Stored data:
☆ ☆ ☆ ☆
(* Let $f:\mathbb{R}^n\times D\to\mathbb{R}^n$ and a forcing function $d:[0,\infty)\to D$ be given, and consider the Cauchy problem $\dot y(t)=f(y(t),d(t))$, $y(t_0)=y_0$. Denote its exact solution by $\tilde y(t,y_0,t_0)$ (so $\tilde y(t_0,y_0,t_0)=y_0$). Let $M\subset\mathbb{R}^n$ be a manifold such that $\tilde y(t,y_0,t_0)\in M$ for all $t\ge t_0$ and all $y_0\in M$. Let $y_0\in M$ and let $y(t)=\tilde y(t,y_0,0)$ be the exact solution with initial time $0$. Assume $y$ is locally exponentially stable on $M$, i.e. there exist $\delta>0$, $\gamma>0$, $C_1<\infty$ such that $$\|\tilde y(t,y^{(1)}_0,t_0)-\tilde y(t,y^{(2)}_0,t_0)\|\le C_1 e^{-\gamma(t-t_0)}\|y^{(1)}_0-y^{(2)}_0\|$$ for all $t\ge t_0\ge 0$ and all $y^{(1)}_0,y^{(2)}_0\in M$ with $\|y^{(1)}_0-y(t_0)\|\le\delta$, $\|y^{(2)}_0-y(t_0)\|\le\delta$. Consider a numerical algorithm on $[0,T]$ with constant time step $\Delta t>0$, time instances ${}^n t=n\Delta t$, $n=0,1,\dots,N$, ${}^N t=T$, producing approximations ${}^n y$ with ${}^0 y=y_0$, such that for some constant $C_2<\infty$ the one-step error satisfies $$\|\tilde y({}^{n+1}t,{}^n y,{}^n t)-{}^{n+1}y\|\le C_2(\Delta t)^2\quad\text{for all } n,$$ and such that every numerical approximation lies exactly on the manifold, ${}^n y\in M$ for all $n$. Then there exists a constant $C<\infty$, not depending on the length $T$ of the time interval, such that $\|{}^n y-y({}^n t)\|\le C\,\Delta t$ for all $n$, as $\Delta t\to 0$.
   Context: $\|\cdot\|$ denotes a norm on $\mathbb{R}^n$. The system is a system with input: $d(t)$ is a given forcing function, and the initial value is given. "As $\Delta t\to0$" means the estimate holds for all sufficiently small $\Delta t$. *)

theory Defs
  imports "HOL-Analysis.Analysis"
begin
theory Submission
  imports Defs "HOL-Analysis.Kronecker_Approximation_Theorem"
begin

text \<open>If \<open>\<lambda>\<^sub>k\<^sub>,\<^sub>1 = \<infinity>\<close>, pick a solution \<open>w\<close> of exponent \<open>\<eta>' > 1/\<eta>\<close> at some large \<open>X'\<close>. Every
  solution \<open>v\<close> at \<open>X = (3X')\<^bsup>1/\<eta>\<^esup>\<close> of exponent \<open>\<eta> > 0\<close> then satisfies \<open>w\<^sub>0 v\<^sub>i = v\<^sub>0 w\<^sub>i\<close>,
  because this integer is bounded by \<open>X X'\<^bsup>-\<eta>'\<^esup> + X' X\<^bsup>-\<eta>\<^esup> < 1\<close>; so all such solutions are
  proportional to \<open>w\<close>, and \<open>\<lambda>\<^sub>k\<^sub>,\<^sub>j\<close> with \<open>j \<ge> 2\<close> cannot be positive. It is not negative since the unit
  vectors are solutions of every negative exponent.
  Conversely, Dirichlet's theorem gives solutions \<open>v\<close> at \<open>X\<close> and \<open>v'\<close> at \<open>Y = X\<^sup>c\<close> with error about
  \<open>X\<^bsup>-1/(k+1)\<^esup>\<close> resp. \<open>Y\<^bsup>-1/(k+1)\<^esup>\<close>. If they are proportional, the error of \<open>v'\<close> is at most
  \<open>Y\<close> times that of \<open>v\<close>, which makes \<open>v'\<close> a solution of a prescribed large exponent \<open>M\<close> at \<open>Y\<close>
  when \<open>c\<close> is small. Hence if \<open>\<lambda>\<^sub>k\<^sub>,\<^sub>1 < M\<close>, two independent solutions exist at every large \<open>X\<close>
  for some positive exponent, i.e. \<open>\<lambda>\<^sub>k\<^sub>,\<^sub>2 > 0\<close>.\<close>

lemma eventually_le_powr_at_top:
  fixes C b :: real
  assumes "b > 0"
  shows "\<forall>\<^sub>F X in at_top. C \<le> X powr b"
proof -
  have "C \<le> X powr b" if "max 1 (\<bar>C\<bar> powr (1/b)) \<le> X" for X
  proof -
    have "C \<le> (\<bar>C\<bar> powr (1/b)) powr b"
      using assms by (simp add: powr_powr)
    also have "\<dots> \<le> X powr b"
      using that assms by (intro powr_mono2) auto
    finally show ?thesis .
  qed
  then show ?thesis
    unfolding eventually_at_top_linorder by blast
qed

lemma eventually_mult_powr_le_powr_at_top:
  fixes C s t :: real
  assumes "t < s"
  shows "\<forall>\<^sub>F X in at_top. C * X powr (-s) \<le> X powr (-t)"
proof -
  have "\<forall>\<^sub>F X in at_top. C \<le> X powr (s - t) \<and> 0 < X"
    using assms by (intro eventually_conj eventually_le_powr_at_top eventually_gt_at_top) auto
  then show ?thesis
  proof (rule eventually_mono)
    fix X :: real
    assume X: "C \<le> X powr (s - t) \<and> 0 < X"
    then have "C * X powr (-s) \<le> X powr (s - t) * X powr (-s)"
      by (intro mult_right_mono) auto
    also have "\<dots> = X powr (-t)"
      using X by (simp add: powr_add[symmetric])
    finally show "C * X powr (-s) \<le> X powr (-t)" .
  qed
qed

lemma lin_indep_pts_1_iff: "lin_indep_pts k 1 vs \<longleftrightarrow> (\<exists>t\<le>k. vs 0 t \<noteq> 0)"
proof
  assume "lin_indep_pts k 1 vs"
  then have "\<not> (\<forall>t\<le>k. (\<Sum>l<1. (\<lambda>_. 1::real) l * real_of_int (vs l t)) = 0)"
    unfolding lin_indep_pts_def by force
  then show "\<exists>t\<le>k. vs 0 t \<noteq> 0" by auto
qed (auto simp: lin_indep_pts_def)
lemma semi_riemannian_submersion_base_positive_definite:
  assumes gN: "sym_bilinear_form (gN q)" and F: "semi_riemannian_submersion gM gN F dF"
    and L: "\<forall>p. lorentzian_form (gM p)"
    and timelike: "\<forall>p. dF p (\<xi> p) = 0 \<and> gM p (\<xi> p) (\<xi> p) < 0"
  shows "positive_definite_form (gN q)"
proof -
  have "q \<in> range F" using semi_riemannian_submersionD(1)[OF F] by simp
  then obtain p where p: "F p = q" by blast
  define H where "H = orth_compl (gM p) {v. dF p v = 0}"
  have d: "linear (dF p)" "bij_betw (dF p) H UNIV"
    using semi_riemannian_submersionD(2,4)[OF F] unfolding H_def by simp_all
  have iso: "gN (F p) (dF p X) (dF p Y) = gM p X Y" if "X \<in> H" "Y \<in> H" for X Y
    using semi_riemannian_submersionD(5)[OF F] that unfolding H_def by blast
  have "gN q x x > 0" if "x \<noteq> 0" for x
  proof -
    obtain Y where Y: "Y \<in> H" "dF p Y = x"
      using d(2) unfolding bij_betw_def by (metis UNIV_I imageE)
    have "Y \<noteq> 0" using Y(2) that linear_0[OF d(1)] by auto
    moreover have "gM p Y (\<xi> p) = 0" using Y(1) timelike unfolding H_def orth_compl_def by blast
    ultimately have "gM p Y Y > 0"
      using lorentzian_orthogonal_spacelike[of "gM p" "\<xi> p" Y] L timelike by simp
    then show ?thesis using iso[OF Y(1) Y(1)] Y(2) p by simp
  qed
  then show ?thesis using gN by (simp add: positive_definite_form_def)
qed

theorem mainTheorem17:
  fixes eps :: real and m n :: nat
    and gM :: "'p \<Rightarrow> 'v::euclidean_space \<Rightarrow> 'v \<Rightarrow> real"
    and \<phi> :: "'p \<Rightarrow> 'v \<Rightarrow> 'v" and \<xi> :: "'p \<Rightarrow> 'v" and \<eta> :: "'p \<Rightarrow> 'v \<Rightarrow> real"
    and gN :: "'q \<Rightarrow> 'w::euclidean_space \<Rightarrow> 'w \<Rightarrow> real"
    and F :: "'p \<Rightarrow> 'q" and dF :: "'p \<Rightarrow> 'v \<Rightarrow> 'w"
  assumes "eps = -1 \<or> eps = 1"
    and "DIM('v) = 2 * m + 1"
    and "lorentzian_almost_para_contact eps gM \<phi> \<xi> \<eta>"
    and "DIM('w) = n"
    and "\<forall>q. semi_riemannian_form (gN q)"
    and "semi_riemannian_submersion gM gN F dF"
    and "anti_invariant gM \<phi> dF"
    and "m = n"
  shows "(\<forall>p. \<phi> p ` {v. dF p v = 0} = orth_compl (gM p) {v. dF p v = 0})
         \<and> (\<forall>q. positive_definite_form (gN q))"
proof -
  have eps: "eps \<noteq> 0" and dim: "DIM('v) = 2 * DIM('w) + 1" using assms(1,2,4,8) by auto
  note vertical = anti_invariant_submersion_equal_dim[OF eps assms(3,6,7) dim]
  have "\<forall>p. lorentzian_form (gM p)"
    using lorentzian_almost_para_contactD(1)[OF assms(3)] by blast
  moreover have "\<forall>p. dF p (\<xi> p) = 0 \<and> gM p (\<xi> p) (\<xi> p) < 0"
    using vertical(1) lorentzian_almost_para_contact_xi_unit_timelike[OF assms(3) eps] by simp
  moreover have "sym_bilinear_form (gN q)" for q
    using assms(5) by (simp add: semi_riemannian_form_def)
  ultimately have "positive_definite_form (gN q)" for q
    using semi_riemannian_submersion_base_positive_definite[OF _ assms(6)] by blast
  then show ?thesis using vertical(2) by blast
qed

end
lemma Pol_eq_zonal_sum:
  assumes "k \<le> s" "f \<in> Pol X k"
  shows "\<exists>c. \<forall>x\<in>X. f x = (\<Sum>j\<le>k. \<Sum>a\<in>X. c j a * zonal j a x)"
proof -
  obtain P where P: "\<forall>a\<in>X. degree (P a) \<le> k"
    and f: "f = (\<lambda>x. if x \<in> X then \<Sum>a\<in>X. poly (P a) (a \<bullet> x) else 0)"
    using assms(2) by (auto simp: Pol_def)
  have "\<forall>a\<in>X. \<exists>d. P a = (\<Sum>j\<le>k. smult (d j) (q j))" using poly_in_span_q assms(1) P by blast
  then have "\<exists>D. \<forall>a\<in>X. P a = (\<Sum>j\<le>k. smult (D a j) (q j))" by (rule bchoice)
  then obtain D where D: "\<forall>a\<in>X. P a = (\<Sum>j\<le>k. smult (D a j) (q j))" by blast
  have "f x = (\<Sum>j\<le>k. \<Sum>a\<in>X. D a j * zonal j a x)" if x: "x \<in> X" for x
  proof -
    have "f x = (\<Sum>a\<in>X. poly (P a) (a \<bullet> x))" using x by (simp add: f)
    also have "\<dots> = (\<Sum>a\<in>X. \<Sum>j\<le>k. D a j * poly (q j) (a \<bullet> x))"
      using D by (intro sum.cong refl) (simp add: poly_sum)
    also have "\<dots> = (\<Sum>j\<le>k. \<Sum>a\<in>X. D a j * zonal j a x)"
      by (subst sum.swap) (simp add: zonal_def x)
    finally show ?thesis .
  qed
  then show ?thesis by (intro exI[of _ "\<lambda>j a. D a j"]) blast
qed

lemma sum_zonal:
  "x \<in> X \<Longrightarrow> z \<in> X \<Longrightarrow> (\<Sum>j\<le>s. zonal j z x) = (if x = z then real (card X) else 0)"
  using sum_q_inner[of z x] by (auto simp: zonal_def)

definition zonal_orthogonal :: "nat \<Rightarrow> bool" where
  "zonal_orthogonal k \<longleftrightarrow> (\<forall>y\<in>X. \<forall>g\<in>Pol X (k - 1). inner_on X (zonal k y) g = 0)"

text \<open>On X the recurrence expresses c k * zonal k y as (y \<bullet> x) * zonal (k + 1) y x minus higher
  zonal functions, and multiplying g \<in> Pol X (k - 1) by the linear form y \<bullet> x stays in Pol X k.\<close>
lemma zonal_orthogonal_step:
  assumes k: "1 \<le> k" "Suc k \<le> s" and higher: "\<And>j. k < j \<Longrightarrow> j \<le> s \<Longrightarrow> zonal_orthogonal j"
  shows "zonal_orthogonal k"
  unfolding zonal_orthogonal_def
proof (intro ballI)
  fix y g assume y: "y \<in> X" and g: "g \<in> Pol X (k - 1)"
  obtain c where ck: "c k \<noteq> 0"
    and rec: "\<forall>\<alpha>\<in>Aset' X. \<alpha> * poly (q (Suc k)) \<alpha> = (\<Sum>j\<in>{k..s}. c j * poly (q j) \<alpha>)"
    using q_recurrence[OF k(2)] by blast
  have "{k..s} = insert k {Suc k..s}" using k by auto
  then have zonal_rec: "c k * zonal k y x =
      (y \<bullet> x) * zonal (Suc k) y x - (\<Sum>j\<in>{Suc k..s}. c j * zonal j y x)" for x
    using rec inner_in_Aset'[OF y, of x] by (auto simp: zonal_def)
  have "(\<lambda>x. (y \<bullet> x) * g x) \<in> Pol X k"
    using Pol_inner_mult[OF finite_X g, of y] k(1) by simp
  then have "inner_on X (zonal (Suc k) y) (\<lambda>x. (y \<bullet> x) * g x) = 0"
    using higher[of "Suc k"] k y by (simp add: zonal_orthogonal_def)
  then have "inner_on X (\<lambda>x. (y \<bullet> x) * zonal (Suc k) y x) g = 0"
    by (simp add: inner_on_def mult_ac)
  moreover have "inner_on X g (zonal j y) = 0" if "j \<in> {Suc k..s}" for j
  proof -
    have "k - 1 \<le> j - 1" using that by auto
    then have "g \<in> Pol X (j - 1)" using g Pol_mono[OF finite_X] by blast
    then show ?thesis using higher[of j] that y by (auto simp: zonal_orthogonal_def inner_on_commute)
  qed
  moreover have "c k * inner_on X (zonal k y) g = inner_on X (\<lambda>x. c k * zonal k y x) g"
    by (simp add: inner_on_scale_left)
  moreover have "\<dots> = inner_on X (\<lambda>x. (y \<bullet> x) * zonal (Suc k) y x) g -
      (\<Sum>j\<in>{Suc k..s}. c j * inner_on X g (zonal j y))"
    unfolding zonal_rec
    by (simp add: inner_on_diff_left inner_on_commute[of X _ g] inner_on_sum_right inner_on_scale_right)
  ultimately have "c k * inner_on X (zonal k y) g = 0" by simp
  then show "inner_on X (zonal k y) g = 0" using ck by simp
qed

lemma zonal_orthogonal_downward:
  assumes "zonal_orthogonal s" "1 \<le> k" "k \<le> s"
  shows "zonal_orthogonal k"
  using assms(2,3)
proof (induction "s - k" arbitrary: k rule: less_induct)
  case less
  show ?case
  proof (cases "k = s")
    case True
    then show ?thesis using assms(1) by simp
  next
    case False
    show ?thesis
    proof (rule zonal_orthogonal_step)
      show "1 \<le> k" "Suc k \<le> s" using less.prems False by auto
      show "zonal_orthogonal j" if "k < j" "j \<le> s" for j
        using less.hyps[of j] less.prems that by auto
    qed
  qed
qed

lemma Fproj_column_in_Harm:
  assumes "y \<in> X"
  shows "(\<lambda>x. if x \<in> X then Fproj X k x y else 0) \<in> Harm X k"
proof -
  have "matact X (Fproj X k) (\<lambda>z. of_bool (z = y)) \<in> Harm X k"
    using is_projection_Fproj[OF finite_X X_nonempty, of k] by (simp add: is_projection_def)
  then show ?thesis by (simp add: matact_indicator[OF finite_X assms])
qed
☆ ☆ ☆ ☆
Your answer should consist solely of the lines above from the line with "then show ?thesis using iso[OF" to the line with "using assms(2) by (auto simp: Pol_def)", both included, reproduced exactly.

    then show ?thesis using iso[OF Y(1) Y(1)] Y(2) p by simp
  qed
  then show ?thesis using gN by (simp add: positive_definite_form_def)
qed

theorem mainTheorem17:
  fixes eps :: real and m n :: nat
    and gM :: "'p \<Rightarrow> 'v::euclidean_space \<Rightarrow> 'v \<Rightarrow> real"
    and \<phi> :: "'p \<Rightarrow> 'v \<Rightarrow> 'v" and \<xi> :: "'p \<Rightarrow> 'v" and \<eta> :: "'p \<Rightarrow> 'v \<Rightarrow> real"
    and gN :: "'q \<Rightarrow> 'w::euclidean_space \<Rightarrow> 'w \<Rightarrow> real"
    and F :: "'p \<Rightarrow> 'q" and dF :: "'p \<Rightarrow> 'v \<Rightarrow> 'w"
  assumes "eps = -1 \<or> eps = 1"
    and "DIM('v) = 2 * m + 1"
    and "lorentzian_almost_para_contact eps gM \<phi> \<xi> \<eta>"
    and "DIM('w) = n"
    and "\<forall>q. semi_riemannian_form (gN q)"
    and "semi_riemannian_submersion gM gN F dF"
    and "anti_invariant gM \<phi> dF"
    and "m = n"
  shows "(\<forall>p. \<phi> p ` {v. dF p v = 0} = orth_compl (gM p) {v. dF p v = 0})
         \<and> (\<forall>q. positive_definite_form (gN q))"
proof -
  have eps: "eps \<noteq> 0" and dim: "DIM('v) = 2 * DIM('w) + 1" using assms(1,2,4,8) by auto
  note vertical = anti_invariant_submersion_equal_dim[OF eps assms(3,6,7) dim]
  have "\<forall>p. lorentzian_form (gM p)"
    using lorentzian_almost_para_contactD(1)[OF assms(3)] by blast
  moreover have "\<forall>p. dF p (\<xi> p) = 0 \<and> gM p (\<xi> p) (\<xi> p) < 0"
    using vertical(1) lorentzian_almost_para_contact_xi_unit_timelike[OF assms(3) eps] by simp
  moreover have "sym_bilinear_form (gN q)" for q
    using assms(5) by (simp add: semi_riemannian_form_def)
  ultimately have "positive_definite_form (gN q)" for q
    using semi_riemannian_submersion_base_positive_definite[OF _ assms(6)] by blast
  then show ?thesis using vertical(2) by blast
qed

end
lemma Pol_eq_zonal_sum:
  assumes "k \<le> s" "f \<in> Pol X k"
  shows "\<exists>c. \<forall>x\<in>X. f x = (\<Sum>j\<le>k. \<Sum>a\<in>X. c j a * zonal j a x)"
proof -
  obtain P where P: "\<forall>a\<in>X. degree (P a) \<le> k"
    and f: "f = (\<lambda>x. if x \<in> X then \<Sum>a\<in>X. poly (P a) (a \<bullet> x) else 0)"
    using assms(2) by (auto simp: Pol_def)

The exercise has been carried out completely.